CONSIDERANDO: Que, el Tribunal ad quem anuló obrados hasta que el Juez de primer grado admita la demanda con citación expresa del representante del Ministerio Público, corresponde establecer el marco normativo y jurisprudencial que establecen los lineamientos sobre la intervención de esta entidad en los procesos en los que el Estado es el demandado.
En ese orden, cabe establecer que la norma prevista por el art. 127.I del CPC, señala que: "cuando el Estado fuere el demandando, será citado en la persona del Fiscal y del jefe de la repartición correspondiente". No obstante, este precepto normativo fue modificado por la disposición final quinta de la LOMP, que en definitiva establece: "Cuando el Estado fuere el demandado, será citado en la persona de la autoridad jerárquicamente superior" (las negrillas no corresponden al texto original), de lo que se infiere que en esta clase de procesos, cuyo inicio se produjo luego de la vigencia de la Ley 2715 de 13 de febrero de 2001, ya no es imprescindible la participación del Ministerio Público, puesto que quien debe obligatoriamente ser citado con la acción y asumir defensa en el trámite del proceso, es el superior jerárquico de la repartición demandada correspondiente, así lo ha entendido la jurisprudencia de este Tribunal Supremo a través del AS 121 de 27 abril de 2005, al establecer: "(...) que no corresponde la nulidad de obrados, porque el presente proceso se inició en forma posterior a la vigencia de la Ley Nº 2175 de 13 de febrero de 2001; además, por mandato del art. 251 del Cód. Pdto. Civ., ningún trámite o acto judicial será declarado nulo si la nulidad no estuviere expresamente determinada por la ley".
En el caso sublite, se evidencia que la demanda fue interpuesta el 16 de junio de 2001, es decir, luego de la vigencia de la Ley Orgánica del Ministerio Público No. 2175, cuya disposición final quinta modificó el art. 127 del procedimiento de la materia, tal cual se tiene anotado, en consecuencia, la intervención del Ministerio Público no es necesaria en la sustanciación de este proceso, puesto que la defensa de los intereses del Estado, por mandato expreso de la ley, lo asumió la autoridad jerárquica superior del Banco Central de Bolivia a través de sus representantes. En consecuencia, no corresponde disponerse la nulidad de obrados, máxime si se considera lo establecido por el art. 236 del Código de Procedimiento Civil, que establece que el Auto de Vista o de segunda instancia debe circunscribirse necesariamente a los puntos resueltos por el inferior (principio de congruencia) y que hubieren sido objeto de apelación y fundamentación a que se refiere el art. 227 del mismo ordenamiento legal.

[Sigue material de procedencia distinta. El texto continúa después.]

lemma iff_const_on_interval:
  assumes "\<And>i. a \<le> i \<Longrightarrow> i < b \<Longrightarrow> P i \<longleftrightarrow> P (Suc i)" "a \<le> i" "i \<le> b"
  shows "P i \<longleftrightarrow> P a"
  using assms(2,3) by (induction i rule: dec_induct) (use assms(1) in auto)

lemma doubleton_member_partner:
  "v \<in> \<Union>{{a, b}, {c, d}} \<Longrightarrow> \<exists>w. {v, w} \<in> {{a, b}, {c, d}}"
  by (auto simp: insert_commute)

lemma disjoint_doubletons_partner_unique:
  assumes "{a, b} \<inter> {c, d} = {}" "{v, u} \<in> {{a, b}, {c, d}}" "{v, u'} \<in> {{a, b}, {c, d}}"
  shows "u = u'"
  using assms by (auto simp: doubleton_eq_iff)

lemma segment_between_two_cuts:
  fixes P :: "nat \<Rightarrow> bool"
  assumes "a < b" "b < l"
    and steps: "\<And>i. i < l \<Longrightarrow> i \<noteq> a \<Longrightarrow> i \<noteq> b \<Longrightarrow> P i \<longleftrightarrow> P (Suc i)"
    and "\<not> P 0" "\<not> P l" "\<exists>i\<le>l. P i" "i \<le> l"
  shows "P i \<longleftrightarrow> a < i \<and> i \<le> b"
proof -
  have below: "\<not> P i" if "i \<le> a" for i
    using iff_const_on_interval[of 0 a P i] steps assms(1,2,4) that by auto
  have above: "\<not> P i" if "b < i" "i \<le> l" for i
    using iff_const_on_interval[of "Suc b" l P i] iff_const_on_interval[of "Suc b" l P l]
      steps assms(1,2,5) that by auto
  have between: "P i \<longleftrightarrow> P (Suc a)" if "a < i" "i \<le> b" for i
    using iff_const_on_interval[of "Suc a" b P i] steps assms(1,2) that by auto
  obtain i0 where "i0 \<le> l" "P i0" using assms(6) by blast
  then have "a < i0 \<and> i0 \<le> b" using below above by (meson not_le)
  then have "P (Suc a)" using between \<open>P i0\<close> by blast
  then show ?thesis
    using below above between assms(7) by (meson not_le)
qed

text \<open>A right-detachable adjacency with its plaquette described through the right side
  \<open>\<rho> j\<close>, \<open>\<rho> k\<close>; the last assumption is condition (iv) read row by row.\<close>
locale detachment =
  fixes \<rho> :: "nat \<Rightarrow> pt" and l j k :: nat
    and r :: "nat \<Rightarrow> pt" and m :: nat and q :: "nat \<Rightarrow> pt" and n :: nat
  assumes saw: "saw \<rho> l"
    and j_less_k: "j < k" and k_le_l: "k \<le> l"
    and same_column: "fst (\<rho> j) = fst (\<rho> k)"
    and unit_apart: "\<bar>snd (\<rho> j) - snd (\<rho> k)\<bar> = 1"
    and horizontals_in_walk: "{{west (\<rho> j), \<rho> j}, {west (\<rho> k), \<rho> k}} \<subseteq> walk_edges \<rho> l"
    and switch: "(walk_edges \<rho> l - {{west (\<rho> j), \<rho> j}, {west (\<rho> k), \<rho> k}})
                   \<union> {{west (\<rho> j), west (\<rho> k)}, {\<rho> j, \<rho> k}}
                 = walk_edges r m \<union> poly_edges q n"
    and sap: "sap q n"
    and disjoint: "walk_verts r m \<inter> poly_verts q n = {}"
    and poly_not_left_of_walk:
      "\<And>p w. p \<in> poly_verts q n \<Longrightarrow> w \<in> walk_verts r m \<Longrightarrow> snd p = snd w \<Longrightarrow> fst w \<le> fst p"
begin

abbreviation "J \<equiv> \<rho> j"
abbreviation "K \<equiv> \<rho> k"
abbreviation "H \<equiv> {{west J, J}, {west K, K}}"
abbreviation "V \<equiv> {{west J, west K}, {J, K}}"
abbreviation "E \<equiv> walk_edges \<rho> l"
abbreviation "F \<equiv> walk_edges r m \<union> poly_edges q n"
abbreviation "W \<equiv> walk_verts r m"
abbreviation "Q \<equiv> poly_verts q n"

lemma corners_distinct:
  "west J \<noteq> west K" "west J \<noteq> J" "west J \<noteq> K" "west K \<noteq> J" "west K \<noteq> K" "J \<noteq> K"
  using same_column unit_apart by (auto simp: west_def prod_eq_iff)

lemma union_V_eq_union_H: "\<Union>V = \<Union>H"
  by blast

lemma union_F_eq_union_E: "\<Union>F = \<Union>E"
proof -
  have "\<Union>F = \<Union>(E - H) \<union> \<Union>V" by (simp only: switch[symmetric] Union_Un_distrib)
  also have "\<dots> = \<Union>((E - H) \<union> H)" by (simp only: union_V_eq_union_H Union_Un_distrib)
  also have "(E - H) \<union> H = E" using horizontals_in_walk by blast
  finally show ?thesis .
qed

lemma F_edge_same_side: "{u, v} \<in> F \<Longrightarrow> u \<in> Q \<longleftrightarrow> v \<in> Q"
  using walk_edge_sub poly_edge_sub disjoint by blast

lemma F_verts_sides: "\<Union>F \<subseteq> W \<union> Q"
  using walk_edge_sub poly_edge_sub by (metis Union_Un_distrib Union_least Un_mono)

lemma walk_vertex_in_edge:
  assumes "i \<le> l"
  shows "\<rho> i \<in> \<Union>E"
proof (cases "i < l")
  case True
  then have "{\<rho> i, \<rho> (Suc i)} \<in> E" unfolding walk_edges_def by blast
  then show ?thesis by (rule UnionI) simp
next
  case False
  then have "{\<rho> (l - 1), \<rho> (Suc (l - 1))} \<in> E" "Suc (l - 1) = i"
    using assms j_less_k k_le_l unfolding walk_edges_def by auto
  then show ?thesis by (metis UnionI insertCI)
qed

lemma walk_vertex_sides:
  assumes "i \<le> l"
  shows "\<rho> i \<in> W \<union> Q"
proof -
  have "\<rho> i \<in> \<Union>F" unfolding union_F_eq_union_E by (rule walk_vertex_in_edge[OF assms])
  then show ?thesis by (rule subsetD[OF F_verts_sides])
qed

lemma poly_meets_walk: "\<exists>i\<le>l. \<rho> i \<in> Q"
proof -
  have "0 < n" using sap unfolding sap_def by simp
  then have "{q 0, q (Suc 0 mod n)} \<in> F" unfolding poly_edges_def by blast
  then have "q 0 \<in> \<Union>E" unfolding union_F_eq_union_E[symmetric] by (rule UnionI) simp
  also have "\<Union>E \<subseteq> \<rho> ` {0..l}" unfolding walk_verts_def[symmetric] by (rule Union_least) (rule walk_edge_sub)
  finally obtain i where "i \<le> l" "q 0 = \<rho> i" by auto
  moreover have "q 0 \<in> Q" using \<open>0 < n\<close> unfolding poly_verts_def by simp
  ultimately show ?thesis by auto
qed

lemma poly_right_of_walk:
  assumes "p \<in> Q" "w \<in> W" "snd p = snd w"
  shows "fst w < fst p"
proof -
  have "p \<noteq> w" using assms disjoint by auto
  then show ?thesis
    using poly_not_left_of_walk[OF assms] assms(3) by (auto simp: prod_eq_iff)
qed

text \<open>The switch replaces each horizontal edge at a corner by the vertical edge at that
  corner, so it preserves degrees: a vertex of degree one in the walk cannot lie on the polygon.\<close>
lemma end_vertex_not_poly:
  assumes unique: "\<And>w. {v, w} \<in> E \<Longrightarrow> w = z"
  shows "v \<notin> Q"
proof
  assume "v \<in> Q"
  then obtain u u' where "u \<noteq> u'" "{v, u} \<in> poly_edges q n" "{v, u'} \<in> poly_edges q n"
    by (rule sap_two_neighbours[OF sap])
  then have uu': "u \<noteq> u'" "{v, u} \<in> (E - H) \<union> V" "{v, u'} \<in> (E - H) \<union> V"
    unfolding switch by simp_all
  have E_partner: "x = z" if "{v, x} \<in> (E - H) \<union> V" "{v, x} \<notin> V" for x
    using that by (meson DiffD1 UnE unique)
  show False
  proof (cases "{v, z} \<in> H")
    case True
    have V_partner: "{v, x} \<in> V" if "{v, x} \<in> (E - H) \<union> V" for x
    proof (rule ccontr)
      assume "{v, x} \<notin> V"
      with that have "x = z" "{v, x} \<notin> H" using E_partner by (meson DiffD2 UnE)+
      with True show False by simp
    qed
    have "{v, u} \<in> V" "{v, u'} \<in> V" by (fact V_partner[OF uu'(2)] V_partner[OF uu'(3)])+
    moreover have "{west J, west K} \<inter> {J, K} = {}" using corners_distinct by blast
    ultimately show False using uu'(1) disjoint_doubletons_partner_unique by metis
  next
    case False
    have not_V: "{v, x} \<notin> V" for x
    proof
      assume "{v, x} \<in> V"
      then have "v \<in> \<Union>H" unfolding union_V_eq_union_H[symmetric] by (rule UnionI) simp
      then obtain y where "{v, y} \<in> H" using doubleton_member_partner by metis
      moreover from this have "y = z" using horizontals_in_walk by (intro unique) (rule subsetD)
      ultimately show False using False by simp
    qed
    have "u = z" "u' = z" by (fact E_partner[OF uu'(2) not_V] E_partner[OF uu'(3) not_V])+
    then show False using uu'(1) by simp
  qed
qed

lemma walk_ends_not_poly: "\<rho> 0 \<notin> Q" "\<rho> l \<notin> Q"
proof -
  have "w = \<rho> (Suc 0)" if "{\<rho> 0, w} \<in> E" for w
  proof -
    from that obtain i where "i < l" "{\<rho> 0, w} = {\<rho> i, \<rho> (Suc i)}"
      unfolding walk_edges_def by blast
    then have "i < l" "{\<rho> i, \<rho> (Suc i)} = {w, \<rho> 0}" by (metis insert_commute)+
    then show ?thesis using saw_step_edge_at[OF saw, of i w 0] by auto
  qed
  then show "\<rho> 0 \<notin> Q" by (rule end_vertex_not_poly)
  have "w = \<rho> (l - 1)" if "{\<rho> l, w} \<in> E" for w
  proof -
    from that obtain i where "i < l" "{\<rho> l, w} = {\<rho> i, \<rho> (Suc i)}"
      unfolding walk_edges_def by blast
    then have "i < l" "{\<rho> i, \<rho> (Suc i)} = {w, \<rho> l}" by (metis insert_commute)+
    then show ?thesis using saw_step_edge_at[OF saw, of i w l] by auto
  qed
  then show "\<rho> l \<notin> Q" by (rule end_vertex_not_poly)
qed
(* Let $I$ be an ideal on a cardinal $\kappa$ and $\theta<\kappa$ a regular cardinal. The following are equivalent: (1) $I$ is weakly $\theta$-saturated and $\theta$-indecomposable. (2) Whenever $\langle S_\alpha:\alpha<\kappa\rangle$ is a sequence of sets of ordinals with $|S_\alpha|<\theta$ for all $\alpha$, every $\leq$-increasing sequence $\langle h_i:i<\theta\rangle$ of functions in $\prod_{\alpha<\kappa}S_\alpha$ (i.e. $i<j$ implies $h_i(\alpha)\leq h_j(\alpha)$ for all $\alpha$) is eventually constant modulo $I$: there is $i^*<\theta$ with $\{\alpha: h_i(\alpha)\neq h_{i^*}(\alpha)\}\in I$ for all $i\geq i^*$.
   Context: By an ideal on a cardinal $\kappa$ we mean a proper ideal on $\kappa$ containing all bounded subsets of $\kappa$. $I$ is weakly $\theta$-saturated if there is no partition of $\kappa$ into $\theta$ pairwise disjoint sets not in $I$. $I$ is $\theta$-indecomposable if whenever $\langle A_i:i<\theta\rangle$ are subsets of $\kappa$ with $\bigcup_{i<\theta}A_i\notin I$, there is $w\subseteq\theta$ with $|w|<\theta$ and $\bigcup_{i\in w}A_i\notin I$. *)

theory Defs
  imports Main
begin

unbundle cardinal_syntax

En el presente caso de autos, el tribunal "ad quem" al dictar el auto de vista anulatorio de fs. 157-158, que no se encuentra debidamente motivado y fundamentado, ha incurrido en omisión penada con nulidad al no haberse pronunciado en el fondo de la apelación de fs. 117-120 vta. interpuesta dentro del plazo de los diez (10) días y con la respectiva expresión de agravios conforme a lo exigido por los arts. 220) I-1) y 227 del Código de Procedimiento Civil, y por el contrario desconociendo su propia competencia anuló la sentencia de fs. 112-114 vta, con el inconsistente argumento de que no se dio intervención al Ministerio Público conforme dispone la norma del art. 127.I del CPC, cuando en rigor de verdad, esta norma no estaba vigente al momento de interponerse la presente demanda.